[Collected data]
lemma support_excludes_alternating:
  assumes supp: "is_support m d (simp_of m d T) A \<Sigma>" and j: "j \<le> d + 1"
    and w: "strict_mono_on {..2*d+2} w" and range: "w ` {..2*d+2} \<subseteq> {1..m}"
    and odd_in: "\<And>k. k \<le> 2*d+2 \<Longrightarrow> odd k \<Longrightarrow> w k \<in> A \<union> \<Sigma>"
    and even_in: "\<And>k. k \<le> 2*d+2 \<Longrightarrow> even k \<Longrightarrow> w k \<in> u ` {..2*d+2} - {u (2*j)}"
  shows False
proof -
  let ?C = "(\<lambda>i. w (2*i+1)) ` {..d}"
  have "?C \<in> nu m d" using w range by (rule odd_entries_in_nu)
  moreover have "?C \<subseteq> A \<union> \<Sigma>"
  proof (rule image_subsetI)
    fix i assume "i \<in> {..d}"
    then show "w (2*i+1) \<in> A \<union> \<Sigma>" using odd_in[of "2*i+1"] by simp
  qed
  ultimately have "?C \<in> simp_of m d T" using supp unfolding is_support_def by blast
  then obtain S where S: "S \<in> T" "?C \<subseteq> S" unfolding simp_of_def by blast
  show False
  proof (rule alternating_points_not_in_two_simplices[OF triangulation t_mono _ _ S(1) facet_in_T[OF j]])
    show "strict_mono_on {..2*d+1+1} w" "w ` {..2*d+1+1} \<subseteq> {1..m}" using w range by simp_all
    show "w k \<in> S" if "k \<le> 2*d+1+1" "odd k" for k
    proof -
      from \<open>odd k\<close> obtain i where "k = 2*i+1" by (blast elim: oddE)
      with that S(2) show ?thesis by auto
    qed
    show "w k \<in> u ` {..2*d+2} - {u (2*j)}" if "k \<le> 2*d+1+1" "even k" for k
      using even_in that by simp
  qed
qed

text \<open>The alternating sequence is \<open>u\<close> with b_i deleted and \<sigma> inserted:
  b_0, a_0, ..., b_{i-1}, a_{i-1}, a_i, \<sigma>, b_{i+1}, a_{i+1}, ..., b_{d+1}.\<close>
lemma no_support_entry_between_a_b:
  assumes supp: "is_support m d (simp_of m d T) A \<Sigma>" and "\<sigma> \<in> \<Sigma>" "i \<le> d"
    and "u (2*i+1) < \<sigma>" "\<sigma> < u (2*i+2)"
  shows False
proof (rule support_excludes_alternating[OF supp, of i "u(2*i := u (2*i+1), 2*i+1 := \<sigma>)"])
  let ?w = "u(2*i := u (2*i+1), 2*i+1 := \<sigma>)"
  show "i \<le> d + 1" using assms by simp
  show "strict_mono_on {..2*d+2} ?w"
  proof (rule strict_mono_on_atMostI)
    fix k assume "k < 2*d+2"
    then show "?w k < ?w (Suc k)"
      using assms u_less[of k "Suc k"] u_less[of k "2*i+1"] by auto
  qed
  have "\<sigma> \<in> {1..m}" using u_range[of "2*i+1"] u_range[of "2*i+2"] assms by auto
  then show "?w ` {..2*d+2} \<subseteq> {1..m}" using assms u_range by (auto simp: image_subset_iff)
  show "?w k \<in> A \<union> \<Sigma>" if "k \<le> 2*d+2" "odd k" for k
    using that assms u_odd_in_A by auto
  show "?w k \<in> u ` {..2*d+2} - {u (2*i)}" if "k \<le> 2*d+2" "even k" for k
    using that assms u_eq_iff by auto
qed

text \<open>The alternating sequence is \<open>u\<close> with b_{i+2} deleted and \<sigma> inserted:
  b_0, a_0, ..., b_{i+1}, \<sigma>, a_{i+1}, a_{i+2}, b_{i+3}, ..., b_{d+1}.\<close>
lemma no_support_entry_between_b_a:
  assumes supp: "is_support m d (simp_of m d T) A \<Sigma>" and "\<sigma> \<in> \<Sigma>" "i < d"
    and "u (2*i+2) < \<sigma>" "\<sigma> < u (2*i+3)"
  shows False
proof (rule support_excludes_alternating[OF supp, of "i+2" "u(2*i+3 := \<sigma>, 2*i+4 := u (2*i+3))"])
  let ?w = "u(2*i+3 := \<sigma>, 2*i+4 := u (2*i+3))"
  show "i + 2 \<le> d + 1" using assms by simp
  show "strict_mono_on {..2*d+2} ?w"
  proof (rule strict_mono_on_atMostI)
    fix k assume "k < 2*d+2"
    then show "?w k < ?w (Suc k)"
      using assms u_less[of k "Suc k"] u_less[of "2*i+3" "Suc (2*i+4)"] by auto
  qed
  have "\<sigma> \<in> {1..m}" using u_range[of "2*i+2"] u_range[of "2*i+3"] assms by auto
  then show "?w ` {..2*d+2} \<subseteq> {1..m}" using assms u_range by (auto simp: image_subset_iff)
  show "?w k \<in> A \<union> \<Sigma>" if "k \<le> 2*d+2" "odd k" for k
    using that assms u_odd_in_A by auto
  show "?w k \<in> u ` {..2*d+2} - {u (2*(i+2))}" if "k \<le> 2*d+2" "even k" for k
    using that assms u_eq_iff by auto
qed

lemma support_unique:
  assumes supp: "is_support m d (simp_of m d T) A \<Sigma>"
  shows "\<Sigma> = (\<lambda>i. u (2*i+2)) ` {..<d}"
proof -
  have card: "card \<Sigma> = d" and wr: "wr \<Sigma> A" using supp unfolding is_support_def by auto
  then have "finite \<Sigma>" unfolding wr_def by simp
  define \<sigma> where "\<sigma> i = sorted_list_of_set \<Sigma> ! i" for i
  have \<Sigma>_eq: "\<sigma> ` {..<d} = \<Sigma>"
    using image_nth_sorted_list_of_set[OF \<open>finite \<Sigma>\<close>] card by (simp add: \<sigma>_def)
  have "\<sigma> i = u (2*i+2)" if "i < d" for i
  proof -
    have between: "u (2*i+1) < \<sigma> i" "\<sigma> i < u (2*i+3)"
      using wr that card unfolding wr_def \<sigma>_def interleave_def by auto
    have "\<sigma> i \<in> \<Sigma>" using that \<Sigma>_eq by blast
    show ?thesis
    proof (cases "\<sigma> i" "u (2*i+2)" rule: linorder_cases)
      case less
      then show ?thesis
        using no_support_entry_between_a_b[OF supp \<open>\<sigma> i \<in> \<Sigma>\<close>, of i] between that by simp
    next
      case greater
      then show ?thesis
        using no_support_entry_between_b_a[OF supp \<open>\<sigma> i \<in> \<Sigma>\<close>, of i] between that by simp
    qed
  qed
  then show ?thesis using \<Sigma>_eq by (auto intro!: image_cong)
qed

## WHAT YOU ARE ASKED TO DO
Each line above must be reproduced exactly.

## SOLUTION
lemma support_excludes_alternating:
  assumes supp: "is_support m d (simp_of m d T) A \<Sigma>" and j: "j \<le> d + 1"
    and w: "strict_mono_on {..2*d+2} w" and range: "w ` {..2*d+2} \<subseteq> {1..m}"
    and odd_in: "\<And>k. k \<le> 2*d+2 \<Longrightarrow> odd k \<Longrightarrow> w k \<in> A \<union> \<Sigma>"
    and even_in: "\<And>k. k \<le> 2*d+2 \<Longrightarrow> even k \<Longrightarrow> w k \<in> u ` {..2*d+2} - {u (2*j)}"
  shows False
proof -
  let ?C = "(\<lambda>i. w (2*i+1)) ` {..d}"
  have "?C \<in> nu m d" using w range by (rule odd_entries_in_nu)
  moreover have "?C \<subseteq> A \<union> \<Sigma>"
  proof (rule image_subsetI)
    fix i assume "i \<in> {..d}"
    then show "w (2*i+1) \<in> A \<union> \<Sigma>" using odd_in[of "2*i+1"] by simp
  qed
  ultimately have "?C \<in> simp_of m d T" using supp unfolding is_support_def by blast
  then obtain S where S: "S \<in> T" "?C \<subseteq> S" unfolding simp_of_def by blast
  show False
  proof (rule alternating_points_not_in_two_simplices[OF triangulation t_mono _ _ S(1) facet_in_T[OF j]])
    show "strict_mono_on {..2*d+1+1} w" "w ` {..2*d+1+1} \<subseteq> {1..m}" using w range by simp_all
    show "w k \<in> S" if "k \<le> 2*d+1+1" "odd k" for k
    proof -
      from \<open>odd k\<close> obtain i where "k = 2*i+1" by (blast elim: oddE)
      with that S(2) show ?thesis by auto
    qed
    show "w k \<in> u ` {..2*d+2} - {u (2*j)}" if "k \<le> 2*d+1+1" "even k" for k
      using even_in that by simp
  qed
qed

text \<open>The alternating sequence is \<open>u\<close> with b_i deleted and \<sigma> inserted:
  b_0, a_0, ..., b_{i-1}, a_{i-1}, a_i, \<sigma>, b_{i+1}, a_{i+1}, ..., b_{d+1}.\<close>
lemma no_support_entry_between_a_b:
  assumes supp: "is_support m d (simp_of m d T) A \<Sigma>" and "\<sigma> \<in> \<Sigma>" "i \<le> d"
    and "u (2*i+1) < \<sigma>" "\<sigma> < u (2*i+2)"
  shows False
proof (rule support_excludes_alternating[OF supp, of i "u(2*i := u (2*i+1), 2*i+1 := \<sigma>)"])
  let ?w = "u(2*i := u (2*i+1), 2*i+1 := \<sigma>)"
  show "i \<le> d + 1" using assms by simp
  show "strict_mono_on {..2*d+2} ?w"
  proof (rule strict_mono_on_atMostI)
    fix k assume "k < 2*d+2"
    then show "?w k < ?w (Suc k)"
      using assms u_less[of k "Suc k"] u_less[of k "2*i+1"] by auto
  qed
  have "\<sigma> \<in> {1..m}" using u_range[of "2*i+1"] u_range[of "2*i+2"] assms by auto
  then show "?w ` {..2*d+2} \<subseteq> {1..m}" using assms u_range by (auto simp: image_subset_iff)
  show "?w k \<in> A \<union> \<Sigma>" if "k \<le> 2*d+2" "odd k" for k
    using that assms u_odd_in_A by auto
  show "?w k \<in> u ` {..2*d+2} - {u (2*i)}" if "k \<le> 2*d+2" "even k" for k
    using that assms u_eq_iff by auto
qed

text \<open>The alternating sequence is \<open>u\<close> with b_{i+2} deleted and \<sigma> inserted:
  b_0, a_0, ..., b_{i+1}, \<sigma>, a_{i+1}, a_{i+2}, b_{i+3}, ..., b_{d+1}.\<close>
lemma no_support_entry_between_b_a:
  assumes supp: "is_support m d (simp_of m d T) A \<Sigma>" and "\<sigma> \<in> \<Sigma>" "i < d"
    and "u (2*i+2) < \<sigma>" "\<sigma> < u (2*i+3)"
  shows False
proof (rule support_excludes_alternating[OF supp, of "i+2" "u(2*i+3 := \<sigma>, 2*i+4 := u (2*i+3))"])
  let ?w = "u(2*i+3 := \<sigma>, 2*i+4 := u (2*i+3))"
  show "i + 2 \<le> d + 1" using assms by simp
  show "strict_mono_on {..2*d+2} ?w"
  proof (rule strict_mono_on_atMostI)
    fix k assume "k < 2*d+2"
    then show "?w k < ?w (Suc k)"
      using assms u_less[of k "Suc k"] u_less[of "2*i+3" "Suc (2*i+4)"] by auto
  qed
  have "\<sigma> \<in> {1..m}" using u_range[of "2*i+2"] u_range[of "2*i+3"] assms by auto
  then show "?w ` {..2*d+2} \<subseteq> {1..m}" using assms u_range by (auto simp: image_subset_iff)
  show "?w k \<in> A \<union> \<Sigma>" if "k \<le> 2*d+2" "odd k" for k
    using that assms u_odd_in_A by auto
  show "?w k \<in> u ` {..2*d+2} - {u (2*(i+2))}" if "k \<le> 2*d+2" "even k" for k
    using that assms u_eq_iff by auto
qed

lemma support_unique:
  assumes supp: "is_support m d (simp_of m d T) A \<Sigma>"
  shows "\<Sigma> = (\<lambda>i. u (2*i+2)) ` {..<d}"
proof -
  have card: "card \<Sigma> = d" and wr: "wr \<Sigma> A" using supp unfolding is_support_def by auto
  then have "finite \<Sigma>" unfolding wr_def by simp
  define \<sigma> where "\<sigma> i = sorted_list_of_set \<Sigma> ! i" for i
  have \<Sigma>_eq: "\<sigma> ` {..<d} = \<Sigma>"
    using image_nth_sorted_list_of_set[OF \<open>finite \<Sigma>\<close>] card by (simp add: \<sigma>_def)
  have "\<sigma> i = u (2*i+2)" if "i < d" for i
  proof -
    have between: "u (2*i+1) < \<sigma> i" "\<sigma> i < u (2*i+3)"
      using wr that card unfolding wr_def \<sigma>_def interleave_def by auto
    have "\<sigma> i \<in> \<Sigma>" using that \<Sigma>_eq by blast
    show ?thesis
    proof (cases "\<sigma> i" "u (2*i+2)" rule: linorder_cases)
      case less
      then show ?thesis
        using no_support_entry_between_a_b[OF supp \<open>\<sigma> i \<in> \<Sigma>\<close>, of i] between that by simp
    next
      case greater
      then show ?thesis
        using no_support_entry_between_b_a[OF supp \<open>\<sigma> i \<in> \<Sigma>\<close>, of i] between that by simp
    qed
  qed
  then show ?thesis using \<Sigma>_eq by (auto intro!: image_cong)
qed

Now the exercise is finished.